Feb 20, 2012 Business Daily, Management

“Soon after Citigroup let go of 100 employees across India last month, many functional heads received an unusual brief. They were asked to scout for jobs for those who had been terminated.
Counsellors were also roped in to soften the blow and professional services firms were hired to make the career transition of the terminated employees – some of them star performers – smooth.
At this moment, Citi is not the only company trying to find jobs for the people it has let go. A few others, including Bharti Airtel and DLF, are also doing it right now or have done so in the recent past, officials at these companies said. ”

The Economic Times (February 9, 2012)

My attention was directed to an article about layoffs in India’s Economic Times, excerpted above.

Apparently, Indian firms are learning the lessons of handling layoffs well, with Citi and Airtel being amongst the standard-setters.

Layoffs are a fact of economic life. Some of the people, some of the time, will always be surplus to requirements. But many companies respond very badly to the ebb and flow of commercial fortune. As I myself wrote on this page a while back:

“…these days the ability to be ruthless when it comes to downsizing is a badge of honour, a sign of macho credentials in a CEO. And we are paying a price. What is so wrong with having the right number of employees in your organisation at a given time, you ask? Nothing at all. The problem is that we get carried away when times are good, and recruit too many; and then we get carried away at times of trouble, and sack too many. “Right-sizing” is a fluid and dishonest term, because we never know what the right size is.”

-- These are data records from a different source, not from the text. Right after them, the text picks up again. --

lemma trace_mat_similar:
  assumes "similar_mat_wit A B P Q"
  shows "trace_mat A = trace_mat B"
proof -
  define n where "n = dim_row A"
  from similar_mat_witD[OF n_def assms] have carr: "B \<in> carrier_mat n n" "P \<in> carrier_mat n n"
      "Q \<in> carrier_mat n n" and QP: "Q * P = 1\<^sub>m n" and A: "A = P * B * Q"
    by auto
  have "trace_mat A = trace_mat (P * (B * Q))"
    using carr by (simp add: A assoc_mult_mat[of P n n B n Q n])
  also have "\<dots> = trace_mat (B * Q * P)"
    using carr by (intro trace_mat_mult_comm) auto
  also have "B * Q * P = B"
    using carr by (simp add: assoc_mult_mat[of B n n Q n P n] QP)
  finally show ?thesis .
qed

lemma trace_mat_upper_triangular:
  assumes B: "B \<in> carrier_mat n n" and ut: "upper_triangular B"
  shows "trace_mat B = sum_list (diag_mat B)"
    and "trace_mat (B * B) = (\<Sum>a\<leftarrow>diag_mat B. a^2)"
proof -
  show "trace_mat B = sum_list (diag_mat B)"
    using B by (simp add: trace_mat_def diag_mat_def sum_list_sum_nth lessThan_atLeast0)
  have off_diag: "B $$ (i, k) * B $$ (k, i) = 0" if "i < n" "k < n" "k \<noteq> i" for i k
    using ut B that by (cases "k < i") (auto simp: upper_triangular_def)
  have "trace_mat (B * B) = (\<Sum>i<n. B $$ (i, i) * B $$ (i, i))"
    unfolding trace_mat_mult[OF B B]
    by (intro sum.cong refl, subst sum.remove[of _ "i" for i]) (auto simp: off_diag)
  then show "trace_mat (B * B) = (\<Sum>a\<leftarrow>diag_mat B. a^2)"
    using B by (simp add: diag_mat_def sum_list_sum_nth lessThan_atLeast0 power2_eq_square)
qed

lemma trace_mat_char_poly_linear_factors:
  fixes A :: "'a::conjugatable_ordered_field mat"
  assumes A: "A \<in> carrier_mat n n" and cp: "char_poly A = (\<Prod>a\<leftarrow>as. [:-a, 1:])"
  shows "trace_mat A = sum_list as" and "trace_mat (A * A) = (\<Sum>a\<leftarrow>as. a^2)"
proof -
  obtain B P Q where "schur_decomposition A as = (B, P, Q)"
    by (cases "schur_decomposition A as") auto
  from schur_decomposition[OF A cp this] have sim: "similar_mat_wit A B P Q"
    and ut: "upper_triangular B" and diag: "diag_mat B = as" by auto
  have B: "B \<in> carrier_mat n n" using similar_mat_witD2[OF A sim] by auto
  show "trace_mat A = sum_list as"
    using trace_mat_similar[OF sim] trace_mat_upper_triangular(1)[OF B ut] diag by simp
  have "A ^\<^sub>m 2 = A * A" "B ^\<^sub>m 2 = B * B"
    using A B by (simp_all add: numeral_2_eq_2)
  then show "trace_mat (A * A) = (\<Sum>a\<leftarrow>as. a^2)"
    using trace_mat_similar[OF similar_mat_wit_pow[OF sim, of 2]]
      trace_mat_upper_triangular(2)[OF B ut] diag by simp
qed

lemma eigenvalues_linear_factors:
  assumes "char_poly A = (\<Prod>a\<leftarrow>as. [:-a, 1:])"
  shows "eigenvalues A = mset as"
proof -
  have "0 \<notin> set (map (\<lambda>a. [:-a, 1:]) as)" by auto
  from proots_prod_list[OF this]
  have "proots (\<Prod>a\<leftarrow>as. [:-a, 1:]) = (\<Sum>a\<leftarrow>as. {#a#})" by (simp add: o_def)
  also have "\<dots> = mset as" by (induction as) auto
  finally show ?thesis unfolding eigenvalues_def assms .
qed

lemma real_symmetric_eigenvalue_real:
  fixes A :: "real mat"
  assumes A: "A \<in> carrier_mat n n" and sym: "transpose_mat A = A"
    and ev: "eigenvalue (map_mat complex_of_real A) c"
  shows "Im c = 0"
proof -
  let ?A = "map_mat complex_of_real A"
  obtain v where v: "v \<in> carrier_vec n" "v \<noteq> 0\<^sub>v n" and eq: "?A *\<^sub>v v = c \<cdot>\<^sub>v v"
    using ev A unfolding eigenvalue_def eigenvector_def by auto
  have row: "(\<Sum>j<n. of_real (A $$ (i, j)) * v $ j) = c * v $ i" if i: "i < n" for i
  proof -
    have "(?A *\<^sub>v v) $ i = (\<Sum>j<n. of_real (A $$ (i, j)) * v $ j)"
      using i A v by (auto simp: scalar_prod_def lessThan_atLeast0 intro!: sum.cong)
    with eq i v show ?thesis by simp
  qed
  define s where "s = (\<Sum>i<n. \<Sum>j<n. cnj (v $ i) * of_real (A $$ (i, j)) * v $ j)"
  define r where "r = (\<Sum>i<n. (cmod (v $ i))^2)"
  \<comment> \<open>The Hermitian form s = v* A v is real, and it equals c |v|^2.\<close>
  have "cnj s = (\<Sum>j<n. \<Sum>i<n. v $ i * of_real (A $$ (i, j)) * cnj (v $ j))"
    unfolding s_def by (subst sum.swap) simp
  also have "\<dots> = s"
    unfolding s_def
    by (intro sum.cong refl) (simp add: symmetric_mat_index[OF A sym] mult.commute mult.left_commute)
  finally have "cnj s = s" .
  then have "Im (cnj s) = Im s" by simp
  then have "Im s = 0" by simp
  have "s = (\<Sum>i<n. cnj (v $ i) * (c * v $ i))"
    by (simp add: s_def row sum_distrib_left[symmetric] mult.assoc)
  also have "\<dots> = (\<Sum>i<n. c * of_real ((cmod (v $ i))^2))"
    by (intro sum.cong refl) (simp add: complex_norm_square mult.commute mult.left_commute del: of_real_power)
  also have "\<dots> = c * of_real r"
    by (simp add: r_def sum_distrib_left del: of_real_power)
  finally have s: "s = c * of_real r" .
  obtain i where "i < n" "v $ i \<noteq> 0"
    using v by (metis eq_vecI carrier_vecD index_zero_vec)
  then have "0 < r" unfolding r_def by (intro sum_squares_pos) auto
  with s \<open>Im s = 0\<close> show ?thesis by simp
qed

interpretation of_real_poly_hom: map_poly_inj_idom_hom "of_real :: real \<Rightarrow> complex" ..

lemma char_poly_real_symmetric_splits:
  fixes A :: "real mat"
  assumes A: "A \<in> carrier_mat n n" and sym: "transpose_mat A = A"
  obtains as where "char_poly A = (\<Prod>a\<leftarrow>as. [:-a, 1:])" and "length as = n"
proof -
  let ?A = "map_mat complex_of_real A"
  have A': "?A \<in> carrier_mat n n" using A by simp
  obtain cs where cs: "char_poly ?A = (\<Prod>c\<leftarrow>cs. [:-c, 1:])" "length cs = n"
    using char_poly_factorized[OF A'] by blast
  have real: "of_real (Re c) = c" if "c \<in> set cs" for c
  proof -
    have "poly (char_poly ?A) c = 0"
      using that by (simp add: cs(1) poly_prod_list prod_list_zero_iff)
    then have "Im c = 0"
      using real_symmetric_eigenvalue_real[OF A sym] eigenvalue_root_char_poly[OF A'] by blast
    then show ?thesis by (simp add: complex_eq_iff)
  qed
  define as where "as = map Re cs"
  have "map_poly complex_of_real (char_poly A) = char_poly ?A"
    by (rule of_real_hom.char_poly_hom[OF A, symmetric])
  also have "\<dots> = map_poly complex_of_real (\<Prod>a\<leftarrow>as. [:-a, 1:])"
    unfolding cs(1) as_def of_real_poly_hom.hom_prod_list
    by (simp add: o_def real cong: map_cong)
  finally have "char_poly A = (\<Prod>a\<leftarrow>as. [:-a, 1:])" by simp
  moreover have "length as = n" using cs(2) by (simp add: as_def)
  ultimately show ?thesis by (rule that)
qed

There are sound reasons for giving a damn about people we lay off. First, it is quite simply the right thing to do. Throwing someone out onto the unemployment heap should never be done casually or frivolously. It is a serious matter to interrupt a livelihood, and providing soft landings makes us bigger, not smaller, as people and as organizations.

A second reason is that humane policies when it comes to redundancies are actually good for the company itself. The Economic Times made the point thus: “HR gurus say how a company parts ways with employees will have a significant bearing on the morale of the remaining workforce and also on the company’s ability to attract talent in the future. Managing layoffs well is important for the sustainability of the ’employer brand.'”

I can’t emphasize this enough: if you are known to have a culture of ruthless layoffs, you are risking damaging the very thing that should be at the heart of your competitive advantage: your corporate culture. Few things bestow advantage to companies better than a culture that gets the best performance out of people and gets them to behave in the right ways. Frequent layoffs can cause irredeemable damage to that culture. The best organizations know this, and use redundancies as an absolute last resort.

The real cost of layoffs is often in the form of damage to the employees who stay (who know carry fear in their hearts, wondering when the same might happen to them); and in the potentially great employees who fail to join the organization, knowing it is run whimsically and ruthlessly.

These days, employment brands really matter. We should craft such brands with great care and protect them as much as we do our product brands. Your reputation as an employer is an important thing if you are to attract great people and get them to give their all to your organization. The character and essence of the employment brand is revealed most tellingly in the manner in which layoffs are conducted.